Добавить в цитаты Настройки чтения

Страница 119 из 124



Но трепать о чем? Наверное, я не так ее поняла. Я все же нервничала. С ее приходом я пробудилась от тревожного сна. Я не слишком вслушивалась в ее слова. Моей задачей было провести первую встречу, не опустившись до взаимных обвинений. Поэтому что-то из ее слов я, наверное, не совсем поняла.

Той ночью в постели я перебирала факты. Она сказала, что отвезла его в аэропорт… Нет. Она сказала, что приехала из аэропорта, так? Рейс, по словам матери, откладывался. Хорошо. Понятно. Но как же тогда все происходило? Она не захотела оставить его в неопределенной ситуации. Поэтому побыла с ним, они выпили. В конце концов он отправил ее домой. А потом… что потом? Поехал из аэропорта в Кент? Зачем? Ведь даже если рейс отложили, он уже зарегистрировался и сидел в зале ожидания для международных рейсов… Не сходится. Требовался другой сценарий.

Может, рейс вообще отменили. Возможно, он поехал из аэропорта в Кент, чтобы отдохнуть в коттедже. Матери он об этом не сказал, потому что на момент ее отъезда из аэропорта он и сам не знал, что рейс отменят.
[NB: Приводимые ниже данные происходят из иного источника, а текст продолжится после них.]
lemma hterm_unit_left:
  assumes un: "unital deg m u" and i: "Suc i < length zs" "zs ! i = u"
  shows "hterm deg m \<eta> zs i 2 = sgnk (eps deg (take i zs)) * \<eta> (take i zs @ drop (Suc i) zs)"
proof -
  have block: "take 2 (drop i zs) = [u, zs ! Suc i]"
    using i by (metis Cons_nth_drop_Suc Suc_lessD numeral_2_eq_2 take_Suc_Cons take_eq_Nil)
  have rest: "zs ! Suc i # drop (i + 2) zs = drop (Suc i) zs"
    using i by (metis Cons_nth_drop_Suc add_2_eq_Suc')
  have "ins m \<eta> (take i zs) [u, zs ! Suc i] (drop (i + 2) zs)
      = m [u, zs ! Suc i] (zs ! Suc i) * \<eta> (take i zs @ zs ! Suc i # drop (i + 2) zs)"
    by (rule ins_single) (use un in \<open>simp add: unital_def\<close>)
  then show ?thesis
    using un unfolding hterm_def block rest by (simp add: unital_def)
qed

lemma hterm_unit_right:
  assumes un: "unital deg m u" and i: "Suc i < length zs" "zs ! Suc i = u"
  shows "hterm deg m \<eta> zs i 2
       = sgnk (eps deg (take i zs)) * sgnk (deg (zs ! i)) * \<eta> (take (Suc i) zs @ drop (Suc (Suc i)) zs)"
proof -
  have block: "take 2 (drop i zs) = [zs ! i, u]"
    using i by (metis Cons_nth_drop_Suc Suc_lessD numeral_2_eq_2 take_Suc_Cons take_eq_Nil)
  have rest: "take i zs @ zs ! i # drop (i + 2) zs = take (Suc i) zs @ drop (Suc (Suc i)) zs"
    using i by (simp add: take_Suc_conv_app_nth)
  have "ins m \<eta> (take i zs) [zs ! i, u] (drop (i + 2) zs)
      = m [zs ! i, u] (zs ! i) * \<eta> (take i zs @ zs ! i # drop (i + 2) zs)"
    by (rule ins_single) (use un in \<open>simp add: unital_def\<close>)
  then show ?thesis
    using un unfolding hterm_def block rest by (simp add: unital_def mult.assoc)
qed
Да. Да, точно, так и было. Поэтому он поехал в Кент. Да, поехал в Кент. И в Кенте умер. Один. При пожаре. Заискрила проводка, искра попала на ковер, он начал тлеть, потом загорелся, пламя, и тело Кеннета превратилось в пепел. Ужасное происшествие. Да, да. Так это все и произошло.

Сделав такой вывод, я испытала невероятное облегчение. О чем я думала? – удивилась я. И почему, черт возьми, я об этом думала?

Принеся мне утром чай, Крис поставил кружку на полку рядом с кроватью, сел на край кровати и спросил:

– Когда мы едем?

– Едем? – переспросила я.

– Навестить ее. Ты же хочешь с ней повидаться? Я невнятно выразила согласие и попросила принести мне газету.

– Хочу узнать, что случилось, до разговора с ней. Мне нужно знать, чтобы решить, что ей говорить.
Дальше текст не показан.